Give your LLM access to external knowledge — the most important pattern in production AI.
Large language models have three critical limitations that RAG addresses:
Model training data has a cutoff date. Claude Opus's knowledge ends in early 2025. It can't answer questions about events that happened after that.
When models don't know something, they confidently make up plausible-sounding answers. Give them real facts, and hallucinations drop dramatically.
Models can't read your company's internal docs, codebase, or customer data. They only work with what you give them in the prompt.
You can't fit your entire knowledge base in the system prompt. RAG lets you dynamically retrieve only relevant documents, saving tokens and cost.
Instead of hoping the model knows something, you retrieve relevant documents, inject them into the prompt, then ask the model to answer based on those facts. This is the most important pattern in production AI systems.

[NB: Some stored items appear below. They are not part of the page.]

lemma ls_terminates:
  fixes d :: "real \<Rightarrow> real"
  assumes cont: "continuous_on {0..} d" and e: "0 < e" and d0: "d 0 < - e" and rho0: "0 < rho0"
    and slope: "\<And>r. 0 < r \<Longrightarrow> d r < - e \<Longrightarrow> r \<le> R"
  shows "\<exists>n. \<bar>d (ls_rho d rho0 n)\<bar> \<le> e"
proof (rule ccontr)
  assume "\<not> ?thesis"
  then have far: "e < \<bar>d (ls_rho d rho0 k)\<bar>" for k
    by (meson not_le)
  then have nonzero: "d (ls_rho d rho0 k) \<noteq> 0" for k
    using e by (metis abs_zero not_less_iff_gr_or_eq)
  show False
  proof (cases "\<exists>k. 0 < d (ls_rho d rho0 k)")
    case False
    then have nonpos: "d (ls_rho d rho0 k) \<le> 0" for k
      by (meson not_le)
    have expanding: "d (ls_rho d rho0 k) < - e" for k
      using far[of k] nonpos[of k] by linarith
    then have doubling: "ls_rho d rho0 k = 2 ^ k * rho0" for k
      using ls_state_expanding[where d = d and e = e and k = k, OF rho0 d0] e by (auto simp: ls_rho_def)
    obtain k where "R / rho0 < 2 ^ k"
      using real_arch_pow[of 2] by auto
    then have "R < 2 ^ k * rho0"
      using rho0 by (simp add: pos_divide_less_eq)
    then show False
      using slope[of "2 ^ k * rho0"] expanding[of k] doubling[of k] rho0 by simp
  next
    case True
    define k where "k = (LEAST k. 0 < d (ls_rho d rho0 k))"
    have "d (ls_rho d rho0 i) < - e" if "i < k" for i
      using not_less_Least[OF that[unfolded k_def]] far[of i] by auto
    then obtain l where S: "ls_state d rho0 k = (l, None, 2 ^ k * rho0)"
      and l: "0 \<le> l" "l < 2 ^ k * rho0" "d l < - e"
      using ls_state_expanding[where d = d and e = e and k = k, OF rho0 d0] e by auto
    define u where "u = 2 ^ k * rho0"
    have "0 < d u"
      using LeastI_ex[OF True] S by (simp add: k_def u_def ls_rho_def)
    then have "e < d u"
      using far[of k] S by (simp add: u_def ls_rho_def)
    have "ls_state d rho0 (Suc k) = (l, Some u, (l + u) / 2)"
      using \<open>0 < d u\<close> by (simp add: ls_state_Suc S ls_step_bracket u_def)
    then have bisection: "ls_state d rho0 (Suc k + n) =
        (\<lambda>(a, b). (a, Some b, (a + b) / 2)) ((bisect d ^^ n) (l, u))" for n
      using nonzero by (intro ls_state_bisection) auto
    have "continuous_on {l..u} d"
      using l(1) by (auto intro: continuous_on_subset[OF cont])
    then obtain n a b where "(bisect d ^^ n) (l, u) = (a, b)" "\<bar>d ((a + b) / 2)\<bar> \<le> e"
      using bisect_terminates l \<open>e < d u\<close> e unfolding u_def by (meson less_imp_le)
    then show False
      using bisection[of n] far[of "Suc k + n"] by (simp add: ls_rho_def)
  qed
qed

theorem theorem4:
  fixes \<phi> \<phi>' :: "real \<Rightarrow> real" and c rho0 :: real
  assumes conv: "convex_on {0..} \<phi>"
    and deriv: "\<And>x. x \<ge> 0 \<Longrightarrow> (\<phi> has_real_derivative \<phi>' x) (at x within {0..})"
    and bdd: "bdd_below (\<phi> ` {0..})"
    and neg: "\<phi>' 0 < 0"
    and c: "0 < c" "c < 1"
    and rho0: "rho0 > 0"
  shows "\<exists>n. (\<forall>i<n. \<not> ls_stop \<phi>' c rho0 i) \<and> ls_stop \<phi>' c rho0 n
             \<and> \<bar>\<phi>' (ls_rho \<phi>' rho0 n)\<bar> \<le> - c * \<phi>' 0"
proof -
  define e where "e = - c * \<phi>' 0"
  have e: "0 < e" and start: "\<phi>' 0 < - e"
    using c neg by (simp_all add: e_def mult_less_0_iff)
  obtain R where "\<And>r. 0 < r \<Longrightarrow> \<phi>' r \<le> - e \<Longrightarrow> r \<le> R"
    using convex_on_Ici_bdd_below_slope_bound[OF conv deriv bdd e] by blast
  then have "\<exists>n. ls_stop \<phi>' c rho0 n"
    using ls_terminates[OF convex_on_Ici_deriv_continuous[OF conv deriv] e start rho0, of R]
    by (force simp: ls_stop_def e_def)
  then have "ls_stop \<phi>' c rho0 (LEAST n. ls_stop \<phi>' c rho0 n)"
    and "\<forall>i < (LEAST n. ls_stop \<phi>' c rho0 n). \<not> ls_stop \<phi>' c rho0 i"
    by (auto intro: LeastI_ex dest: not_less_Least)
  then show ?thesis
    unfolding ls_stop_def by blast
qed

end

RAG follows a clear four-step pipeline. Understanding each step is key to building reliable systems.
Step 1: Query
The user asks a question. This query is passed to a retrieval system. The query itself isn't sent to Claude yet — it's used to find relevant documents.
Step 2: Retrieve
The retrieval system (typically a vector database like Pinecone, Weaviate, or Chroma) finds documents similar to the query. Most commonly, this uses semantic search — converting the query to numbers (embeddings) and finding nearby documents.
Step 3: Augment
The retrieved documents are injected into the prompt. A typical augmentation looks like:
You are a helpful customer support agent.
<context>
The following documents are relevant to the customer's question:
---
From our Knowledge Base (Product FAQ):
Q: How do I reset my password?
A: Click "Forgot Password" on the login page, enter your email,
and follow the verification link.
---
From our Support Docs:
Resetting passwords typically takes 5-10 minutes. If you don't receive
the email within 15 minutes, check your spam folder.
</context>
Based on the documents above, answer the customer's question.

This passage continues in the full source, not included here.